Published online by Cambridge University Press: 01 August 2014
Those who have followed the progress of administrative reorganization in Minnesota will recall that the reorganization act in that state established a commission on administration and finance similar to the commission with the same name in Massachusetts. Large powers of supervision over the financial affairs of the state are conferred. Among them is a provision that the state auditor may approve no warrant upon the state treasurer for an expenditure from an appropriation unless the object of the disbursement is one which has been approved by the commission. Every department, officer, agency, and institution is required to present for the commission's approval, each three months, an estimate of its needs for the following quarter.

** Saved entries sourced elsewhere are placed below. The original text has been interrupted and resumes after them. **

lemma n_le_six_lam: "n \<le> 6 * lam"
proof -
  obtain xs where xs: "mset xs = X"
    using ex_mset by blast
  define v where "v i k = sign_vector i (xs ! k)" for i k
  have "lam > 0"
    using psca by (simp add: is_PSCA_def)
  have inner: "(\<Sum>k<length xs. v j k * v l k) = psca_gram lam j l"
    if "j \<in> {1..n}" "l \<in> {1..n}" for j l
    using sum_mset_mset_conv_nth[of "\<lambda>\<pi>. sign_vector j \<pi> * sign_vector l \<pi>" xs]
      inner_sign_vector[OF that] xs by (simp add: v_def)
  have "card {1..n} \<le> card {..<length xs}"
  proof (rule card_le_card_if_gram_invertible[where v = v and W = "psca_gram_inv n lam"])
    fix i l assume il: "i \<in> {1..n}" "l \<in> {1..n}"
    have "(\<Sum>j\<in>{1..n}. psca_gram_inv n lam i j * (\<Sum>k<length xs. v j k * v l k))
        = (\<Sum>j\<in>{1..n}. psca_gram_inv n lam i j * psca_gram lam j l)"
      using il by (intro sum.cong refl) (simp add: inner)
    also have "\<dots> = (if i = l then 1 else 0)"
      using il \<open>lam > 0\<close> by (intro psca_gram_inv_mult) auto
    finally show "(\<Sum>j\<in>{1..n}. psca_gram_inv n lam i j * (\<Sum>k<length xs. v j k * v l k))
        = (if i = l then 1 else 0)" .
  qed (auto simp: psca_gram_inv_symmetric)
  then show ?thesis
    using xs size_X by auto
qed

end

theorem lemma3p1:
  fixes n :: nat
  assumes "3 \<le> n"
  shows "real (g n 3) \<ge> real n / 6"
proof -
  have "\<exists>lam X. is_PSCA n 3 lam X"
    using is_PSCA_perms_seq[of 3 n] assms by blast
  then have "\<exists>X. is_PSCA n 3 (g n 3) X"
    unfolding g_def by (rule LeastI_ex)
  then obtain X where "is_PSCA n 3 (g n 3) X" ..
  then have "n \<le> 6 * g n 3"
    using assms by (intro psca3.n_le_six_lam) (simp add: psca3_def)
  then show ?thesis
    by simp
qed
lemma perm_sign_mult_conj_signs:
  assumes w: "w permutes {..<n}" and B: "B \<subseteq> {..<n}"
  shows "perm_sign n w * conj_sign w B * conj_sign w ({..<n} - B)
    = (clif_sign B {..<n} * clif_sign (w ` B) {..<n} :: 'a::field)"
proof -
  have inj: "inj w" using w by (rule permutes_inj)
  have wB: "w ` B \<subseteq> {..<n}" using B permutes_image[OF w] by blast
  have compl: "pair_count n (\<lambda>x y. x \<in> {..<n} - B \<and> y \<in> {..<n} - B \<and> x < y \<and> w y < w x)
      = pair_count n (\<lambda>x y. x \<notin> B \<and> y \<notin> B \<and> x < y \<and> w y < w x)"
    by (rule pair_count_cong) auto
  have image: "pair_count n (\<lambda>x y. x \<in> w ` B \<and> y < x) = pair_count n (\<lambda>x y. x \<in> B \<and> w y < w x)"
    using pair_count_permute[OF w, of "\<lambda>x y. x \<in> w ` B \<and> y < x"] inj by (simp add: inj_image_mem_iff)
  have card: "card (w ` B) = card B"
    using inj by (simp add: card_image inj_on_subset[of _ UNIV])
  have lhs: "perm_sign n w * conj_sign w B * conj_sign w ({..<n} - B) = (-1 :: 'a) ^
      (perm_length n w + pair_count n (\<lambda>x y. x \<in> B \<and> y \<in> B \<and> x < y \<and> w y < w x)
        + pair_count n (\<lambda>x y. x \<notin> B \<and> y \<notin> B \<and> x < y \<and> w y < w x))"
    unfolding perm_sign_def conj_sign_eq_pair_count[OF B] conj_sign_eq_pair_count[OF Diff_subset] compl
    by (simp only: power_add)
  have rhs: "clif_sign B {..<n} * clif_sign (w ` B) {..<n} = (-1 :: 'a) ^
      ((pair_count n (\<lambda>x y. x \<in> B \<and> y < x) + card B)
        + (pair_count n (\<lambda>x y. x \<in> B \<and> w y < w x) + card B))"
    unfolding clif_sign_lessThan_eq_pair_count[OF B] clif_sign_lessThan_eq_pair_count[OF wB] image card
    by (simp only: power_add)
  have "even (perm_length n w
      + pair_count n (\<lambda>x y. x \<in> B \<and> y \<in> B \<and> x < y \<and> w y < w x)
      + pair_count n (\<lambda>x y. x \<notin> B \<and> y \<notin> B \<and> x < y \<and> w y < w x)
      + ((pair_count n (\<lambda>x y. x \<in> B \<and> y < x) + card B)
        + (pair_count n (\<lambda>x y. x \<in> B \<and> w y < w x) + card B)))"
    using pair_count_inversions_by_subset[of n w B] even_crossing_inversions[OF inj, of n B]
    unfolding perm_length_eq_pair_count by presburger
  then show ?thesis
    unfolding lhs rhs by (rule minus_one_power_eq_if_even_add)
qed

The regents of the University of Minnesota, pursuant to the requirements of the act, had submitted to the commission for its approval in one of their quarterly estimates a request for authority to expend $40,000 to provide group insurance for the faculty and employees of the university. The commission declined to approve the item, on the ground that it might be taken as a precedent upon which to base demands for similar insurance for the employees of other state agencies. The regents were advised to apply to the legislature for specific authority. This they declined to do, as they claimed to have control of sufficient funds aside from legislative appropriations to carry the project through. The regents employed actuaries to prepare a preliminary report on the form of insurance contract to be used.
1 Laws of 1925, chap. 426, art. 3.
2 The regents expend annually over $8,500,000, of which $3,500,000 is specifically appropriated.
3 State ex rel. University of Minnesota v. Chase (1928), 175 Minn. 259; 220 N. W. 951.